Masalah tindak pidana dan sanksi pidana diatur dalam Pasal 2 sampai dengan Pasal 18 dan tindak pidana lain yang berkaitan dengan tindak pidana perdagangan orang diatur dalam Pasal 19 sampai dengan Pasal 27 UU PTPPO. Pengertian umum pengertian tindak pidana perdagangan orang dirumuskan dalam Pasal 1 butir 1 UU PTPPO adalah setiap tindakan atau serangkaian tindakan yang memenuhi unsur-unsur tindak pidana yang ditentukan dalam UU PTPPO. Sedangkan unsur-unsur tindak pidana perdagangan orang Pasal 1 butir 2 UU PTPPO adalah setiap orang yang melakukan perekrutan, pengangkutan, penampungan, pengiriman, pemindahan, atau penerimaan seseorang dengan ancaman kekerasan, penggunaan kekerasan, penculikan, penyekapan, pemalsuan, penipuan, penyalahgunaan kekuasaan atau posisi rentan, penjeratan utang atau memberi bayaran atau manfaat walaupun memperoleh persetujuan dari orang yang memegang kendali atas orang lain, untuk tujuan mengeksploitasi orang tersebut di wilayah negara Republik Indonesia.
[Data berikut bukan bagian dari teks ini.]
lemma f_inf_le: "f_inf \<le> f y"
  using bdd_below_f by (rule cINF_lower) simp

lemma L_nonneg: "L \<ge> 0"
proof -
  obtain b :: 'x where "b \<in> Basis" using nonempty_Basis by blast
  then have "b \<noteq> 0" by auto
  moreover have "0 \<le> L * norm (b - 0)"
    using lipschitz_gradf[of b 0] norm_ge_zero order_trans by blast
  ultimately show ?thesis by (simp add: zero_le_mult_iff)
qed

lemma borel_measurable_f [measurable]: "f \<in> borel_measurable borel"
  using has_derivative_f
  by (intro borel_measurable_continuous_onI continuous_at_imp_continuous_on)
     (blast intro: has_derivative_continuous)

lemma borel_measurable_gradf [measurable]: "gradf \<in> borel_measurable borel"
proof (intro borel_measurable_continuous_onI lipschitz_on_continuous_on)
  show "L-lipschitz_on UNIV gradf"
    using L_nonneg lipschitz_gradf by (simp add: lipschitz_on_def dist_norm)
qed

lemma borel_measurable_G [measurable]: "G y \<in> borel_measurable D"
proof -
  have "(\<lambda>\<xi>. (y, \<xi>)) \<in> measurable D (borel \<Otimes>\<^sub>M D)"
    by simp
  from measurable_compose[OF this measurable_G] show ?thesis
    by simp
qed

lemma
  shows integrable_second_moment: "integrable D (\<lambda>\<xi>. (norm (G y \<xi>))\<^sup>2)"
    and second_moment_le: "(\<integral>\<xi>. (norm (G y \<xi>))\<^sup>2 \<partial>D) \<le> 2 * A * (f y - f_inf) + B * (norm (gradf y))\<^sup>2 + C"
proof -
  have "0 \<le> 2 * A * (f y - f_inf) + B * (norm (gradf y))\<^sup>2 + C"
    using A_nonneg B_nonneg C_nonneg f_inf_le[of y] by simp
  note le = second_moment[of y] and c = this
  have meas: "(\<lambda>\<xi>. (norm (G y \<xi>))\<^sup>2) \<in> borel_measurable D"
    by measurable
  show "integrable D (\<lambda>\<xi>. (norm (G y \<xi>))\<^sup>2)"
    by (rule integrable_of_nn_integral_le[OF meas _ le c]) simp
  show "(\<integral>\<xi>. (norm (G y \<xi>))\<^sup>2 \<partial>D) \<le> 2 * A * (f y - f_inf) + B * (norm (gradf y))\<^sup>2 + C"
    by (rule integral_le_of_nn_integral_le[OF meas _ le c]) simp
qed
b. Masalah Kesalahan atau Pertanggungjawaban Pidana

Kesalahan atau pertanggungjawaban pidana atas tindak pidana perdagangan orang diatur dalam Bab II tentang Tindak Pidana Pasal 2 sampai dengan Pasal 18 dan Bab III tentang Tindak Pidana Lain Yang Berkaitan Dengan Tindak Pidana Perdagangan Orang Pasal 19 sampai dengan Pasal 27 dan Bab VIII Ketentuan Peralihan Pasal 64 UU PTPPO.

c. Pidana dan Pemidanaan

Sanksi pidana diatur dalam Bab II tentang Tindak Pidana Pasal 2 sampai dengan Pasal 18 dan Bab III tentang Tindak Pidana Lain Yang Berkaitan Dengan Tindak Pidana Perdagangan Orang Pasal 19 sampai dengan Pasal 27 UU PTPPO, yaitu dipidana penjara paling singkat 1 satu tahun dan paling lama 15 lima belas tahun dan pidana denda paling sedikit Rp40.000.000,00 empat puluh juta rupiah dan paling banyak Rp5.000.000.000,00 lima milyar rupiah.